- _TASK DESCRIPTION_
Could you copy every record exactly as it appears?

- _THE INPUT_

-------------------------

(* Let $L$ be an $n$-modal logic. If $L$ is $1$-tabular, then $L$ is pretransitive and of finite height, i.e. there are $m,h<\omega$ with $L\vdash \Diamond^{m+1}p\to\Diamond^{\le m}p$ and $L\vdash B_h$.
   Context: Fix $n\ge 1$. $n$-modal formulas are built from variables $p_0,p_1,\dots$ with $\to,\bot$ and unary modalities $\Diamond_i$ ($i<n$); $\Box_i=\neg\Diamond_i\neg$. A logic is a set of $n$-modal formulas containing all classical tautologies, $\Diamond_i(p\vee q)\to\Diamond_ip\vee\Diamond_iq$ and $\neg\Diamond_i\bot$ for all $i<n$, closed under modus ponens, uniform substitution and monotonicity (if $\varphi\to\psi\in L$ then $\Diamond_i\varphi\to\Diamond_i\psi\in L$). A $k$-formula is a formula in the variables $p_j$, $j<k$. $L$ is $k$-tabular if there are only finitely many $k$-formulas up to $L$-provable equivalence. Put $\Diamond^0\varphi=\varphi$, $\Diamond^{i+1}\varphi=\Diamond^i(\Diamond_0\varphi\vee\dots\vee\Diamond_{n-1}\varphi)$, $\Diamond^{\le m}\varphi=\bigvee_{i\le m}\Diamond^i\varphi$, $\Box^{\le m}\varphi=\neg\Diamond^{\le m}\neg\varphi$. $L$ is $m$-transitive if $L\vdash\Diamond^{m+1}p\to\Diamond^{\le m}p$, pretransitive if $m$-transitive for some $m$; then, for the least such $m$, $\Diamond^*:=\Diamond^{\le m}$, $\Box^*:=\Box^{\le m}$. Define $B_0=\bot$, $B_{i+1}=p_{i+1}\to\Box^*(\Diamond^*p_{i+1}\vee B_i)$. A pretransitive logic is of finite height if it contains $B_h$ for some $h<\omega$. *)

theory Defs
  imports Main
begin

-------------------------

- _SOLUTION TO THIS EXERCISE_
(* Let $L$ be an $n$-modal logic. If $L$ is $1$-tabular, then $L$ is pretransitive and of finite height, i.e. there are $m,h<\omega$ with $L\vdash \Diamond^{m+1}p\to\Diamond^{\le m}p$ and $L\vdash B_h$.
   Context: Fix $n\ge 1$. $n$-modal formulas are built from variables $p_0,p_1,\dots$ with $\to,\bot$ and unary modalities $\Diamond_i$ ($i<n$); $\Box_i=\neg\Diamond_i\neg$. A logic is a set of $n$-modal formulas containing all classical tautologies, $\Diamond_i(p\vee q)\to\Diamond_ip\vee\Diamond_iq$ and $\neg\Diamond_i\bot$ for all $i<n$, closed under modus ponens, uniform substitution and monotonicity (if $\varphi\to\psi\in L$ then $\Diamond_i\varphi\to\Diamond_i\psi\in L$). A $k$-formula is a formula in the variables $p_j$, $j<k$. $L$ is $k$-tabular if there are only finitely many $k$-formulas up to $L$-provable equivalence. Put $\Diamond^0\varphi=\varphi$, $\Diamond^{i+1}\varphi=\Diamond^i(\Diamond_0\varphi\vee\dots\vee\Diamond_{n-1}\varphi)$, $\Diamond^{\le m}\varphi=\bigvee_{i\le m}\Diamond^i\varphi$, $\Box^{\le m}\varphi=\neg\Diamond^{\le m}\neg\varphi$. $L$ is $m$-transitive if $L\vdash\Diamond^{m+1}p\to\Diamond^{\le m}p$, pretransitive if $m$-transitive for some $m$; then, for the least such $m$, $\Diamond^*:=\Diamond^{\le m}$, $\Box^*:=\Box^{\le m}$. Define $B_0=\bot$, $B_{i+1}=p_{i+1}\to\Box^*(\Diamond^*p_{i+1}\vee B_i)$. A pretransitive logic is of finite height if it contains $B_h$ for some $h<\omega$. *)

theory Defs
  imports Main
begin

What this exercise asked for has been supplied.